Pre-order early.  I know I’ve said it before, and I’ll say it again. Remember, we don’t charge pre-orders immediately anyway, and it puts you in-line immediately.  It helps us, it helps the distributor and eventually it helps the publisher.

 

One thought on “Allocations, Pre-Orders & Purchasing”

  1. For those interested, I know for a fact that one of my distributors does percentage-based allocation of product which for some reason is delivered in less than ordered quantities from the publisher. This is done down to a minimum.

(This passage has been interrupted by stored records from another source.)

(* Let $d\ge 1$, let $J:\mathbb{R}^d\to[0,\infty)$ be radially symmetric with $\int_{\mathbb{R}^d}J(x)\,{\rm d}x=1$, and let $F:[0,\infty)\to[0,\infty)$ be convex, of class $C^1$, with $F(0)=0$ and $\int^\infty\frac{{\rm d}u}{F(u)}<\infty$. Consider the Cauchy problem $$u_t=J\ast u-u+F(u),\quad x\in\mathbb{R}^d,\ t>0,\qquad u(x,0)=u_0(x)\ge 0.$$ Let $h(w)=\int_w^\infty\frac{{\rm d}u}{F(u)}$ (a decreasing function with $h(0)=\infty$, $h(\infty)=0$) and let $h^{-1}$ be its inverse. For $T>0$ and a solution $u$ define, for $t\in[0,T)$, $$W_T(t)=\int_{\mathbb{R}^d}k_{T-t}(x)\,u(x,t)\,{\rm d}x,$$ where $k_s$ is the kernel defined below. Suppose $u_0\ge 0$ satisfies, for some $T>0$, $$\frac{W_T(0)}{h^{-1}(T)}>1,$$ i.e. $\int_{\mathbb{R}^d}k_T(x)u_0(x)\,{\rm d}x>h^{-1}(T)$. Then any local-in-time classical solution $u=u(x,t)$ of this Cauchy problem cannot be continued beyond $t=T$.
   Context: The operator $\mathcal{A}u=J\ast u-u$ on $L^1(\mathbb{R}^d)$ generates a semigroup of convolution operators ${\rm e}^{t\mathcal{A}}$ whose kernels $k_t\in L^1(\mathbb{R}^d)$, $\int k_t=1$, are given by $k_t=\mathcal{F}^{-1}\big({\rm e}^{t(\widehat J(\xi)-1)}\big)$, where $\mathcal{F}^{-1}$ is the inverse Fourier transform on $\mathbb{R}^d$ and $\widehat J$ is the Fourier transform of $J$. *)

theory Defs
  imports "HOL-Analysis.Analysis"
begin

text \<open>Convolution powers: Jconv J n = J * J * ... * J  (n+1 factors).\<close>
fun Jconv :: "('a::euclidean_space \<Rightarrow> real) \<Rightarrow> nat \<Rightarrow> 'a \<Rightarrow> real" where
  "Jconv J 0 = J"
| "Jconv J (Suc n) = (\<lambda>x. \<integral>y. J (x - y) * Jconv J n y \<partial>lborel)"

text \<open>The pairing of the kernel k_s = F^{-1}(exp(s(hat J - 1))) with a nonnegative function f:
  since exp(s(hat J - 1)) = exp(-s) * sum_n s^n hat J^n / n!, the kernel is the probability
  measure k_s = exp(-s) (delta_0 + sum_{n>=1} s^n/n! J^{*n}), and
  kint J s f = integral of k_s(x) f(x) dx  (valued in [0,infinity]).\<close>
definition kint :: "('a::euclidean_space \<Rightarrow> real) \<Rightarrow> real \<Rightarrow> ('a \<Rightarrow> real) \<Rightarrow> ennreal" where
  "kint J s f = ennreal (exp (- s)) *
     (ennreal (f 0) + (\<Sum>n. ennreal (s ^ Suc n / fact (Suc n)) *
        (\<integral>\<^sup>+ x. ennreal (Jconv J n x * f x) \<partial>lborel)))"

definition hfun :: "(real \<Rightarrow> real) \<Rightarrow> real \<Rightarrow> ennreal" where
  "hfun F w = (\<integral>\<^sup>+ u\<in>{w..}. (if F u > 0 then ennreal (1 / F u) else \<infinity>) \<partial>lborel)"

definition hinv :: "(real \<Rightarrow> real) \<Rightarrow> real \<Rightarrow> real" where
  "hinv F T = (THE w. w > 0 \<and> hfun F w = ennreal T)"

definition classical_solution ::
  "('a::euclidean_space \<Rightarrow> real) \<Rightarrow> (real \<Rightarrow> real) \<Rightarrow> ('a \<Rightarrow> real) \<Rightarrow> real \<Rightarrow> ('a \<Rightarrow> real \<Rightarrow> real) \<Rightarrow> bool"
  where
  "classical_solution J F u0 S u \<longleftrightarrow>
     S > 0 \<and>
     (\<forall>x. u x 0 = u0 x) \<and>
     continuous_on (UNIV \<times> {0..<S}) (\<lambda>(x, t). u x t) \<and>
     (\<forall>t'\<in>{0..<S}. bounded ((\<lambda>(x, t). u x t) ` (UNIV \<times> {0..t'}))) \<and>
     (\<forall>x. \<forall>t\<in>{0..<S}. u x t \<ge> 0) \<and>
     (\<forall>x. \<forall>t\<in>{0<..<S}.
        ((\<lambda>s. u x s) has_real_derivative
           ((\<integral>y. J (x - y) * u y t \<partial>lborel) - u x t + F (u x t))) (at t))"

end

(*
  Let W(t) be the pairing of u(t) with the kernel k_{T-t}.  Expanding
  k_s = e^{-s} sum_m s^m/m! J^{*m} (with J^{*0} the Dirac mass) writes W(t) as
  sum_m c_m(t) A_m(t), where c_m(t) = e^{t-T} (T-t)^m/m! and A_m(t) is the pairing of u(t)
  with J^{*m}.  The equation gives A_m' = A_{m+1} - A_m + B_m, with B_m the pairing of F(u(t))
  with J^{*m}, while c_m' = c_m - c_{m-1}; the A-terms telescope and W' = sum_m c_m B_m.
  Since sum_m c_m J^{*m} is a probability measure and F is convex, Jensen gives W' >= F(W).
  So W is a supersolution of w' = F(w) on (0, T), whence T <= int_{W(0)}^oo du/F(u) = h(W(0)).
  This contradicts W(0) > h^{-1}(T), i.e. h(W(0)) < T.
*)
theory Submission
  imports Defs
begin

    Say you have a case on order, and three other retailers have four cases on order, for a total of 13.
    The distributor receives 8, and would give 2 cases to each of the retailers having 4 on order, and 1 case to the retailer with 1 case on order (last case would probably be divided up, or possibly given to the largest customer). I think this is a fair allocation.
    Oftentimes I will be in direct communication with the distributor. So if he has limited stock, and I have more than what I preordered, I will be “polite” and tell him to go ahead and ship me only what I have preorders for, and he in turn can satisfy other customers who may need the stock more than I do.
    This makes for a very nice working relationship, where when I say I NEED X number of copies, he will do his best to allocate to me what I need, knowing I have preorders, and am not looking to stock up on a high-request item.